= Edwin Dyke =

English clergyman and cricketer

Edwin Francis Dyke (27 September 1842 – 26 August 1919) was an English clergyman and cricketer who played first-class cricket for Cambridge University in 1864 and 1865 and for Marylebone Cricket Club in 1866. He was born in London and died at Maidstone, Kent.

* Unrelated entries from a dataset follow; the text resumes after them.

lemma mpaths_through_elem:
  assumes ps: "ps \<in> mpaths (replicate p \<delta> @ [elem_matrix e0 f0 s] @ replicate q \<delta>) e f"
    and source: "\<forall>a. \<delta> a e0 = 0" and sink: "\<forall>b. \<delta> f0 b = 0"
  shows "p = 0 \<and> q = 0 \<and> ps ! 0 = e0 \<and> ps ! Suc 0 = f0"
proof -
  let ?Xs = "replicate p \<delta> @ [elem_matrix e0 f0 s] @ replicate q \<delta>"
  have nz: "\<And>i. i < Suc (p + q) \<Longrightarrow> (?Xs ! i) (ps ! i) (ps ! Suc i) \<noteq> 0"
    using ps by (auto simp: mpaths_def)
  have "elem_matrix e0 f0 s (ps ! p) (ps ! Suc p) \<noteq> 0"
    using nz[of p] nth_replicate_around(2)[of p \<delta> "elem_matrix e0 f0 s" q] by simp
  then have at_p: "ps ! p = e0" "ps ! Suc p = f0"
    by (auto simp: elem_matrix_def split: if_splits)
  have "p = 0"
  proof (rule ccontr)
    assume "p \<noteq> 0"
    then have "\<delta> (ps ! (p - 1)) (ps ! Suc (p - 1)) \<noteq> 0"
      using nz[of "p - 1"] nth_replicate_around(1)[of "p - 1" p \<delta> "elem_matrix e0 f0 s" q] by simp
    then show False using source at_p \<open>p \<noteq> 0\<close> by simp
  qed
  moreover have "q = 0"
  proof (rule ccontr)
    assume "q \<noteq> 0"
    then have "\<delta> (ps ! Suc p) (ps ! Suc (Suc p)) \<noteq> 0"
      using nz[of "Suc p"] nth_replicate_around(3)[of p "Suc p" q \<delta> "elem_matrix e0 f0 s"] by simp
    then show False using sink at_p by simp
  qed
  ultimately show ?thesis using at_p by simp
qed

As a cricketer, Dyke was a right-handed lower-order batsman and a left-arm medium pace bowler. It was as a bowler that he made an immediate impression in his only first-class match of 1864: he took 10 Marylebone Cricket Club wickets for 41 runs in the game, including 6 for 14 in the second innings. He was unable to repeat this success in four first-class games for Cambridge in 1865: these included the University match against Oxford University in which he took a single wicket and failed to score in either innings. His single game for MCC in 1866 was his most successful with the bat, with a score of 46 in the second innings.

==Family and career==
Dyke came from a cricketing family: his uncle was Herbert Jenner who captained Cambridge in the first official University match, and the long-lived Herbert Jenner-Fust was a cousin, as was Charles Nepean. He was educated at Eton College and Trinity Hall, Cambridge.

After graduation, Dyke was ordained in the Church of England; he was a curate at Crayford and West Wickham and then vicar at Orpington before moving to Maidstone from 1883 to 1896. From 1896 to 1916 he was rector of Mersham in Kent and he was an honorary canon of Canterbury Cathedral from 1892 to his death in 1919.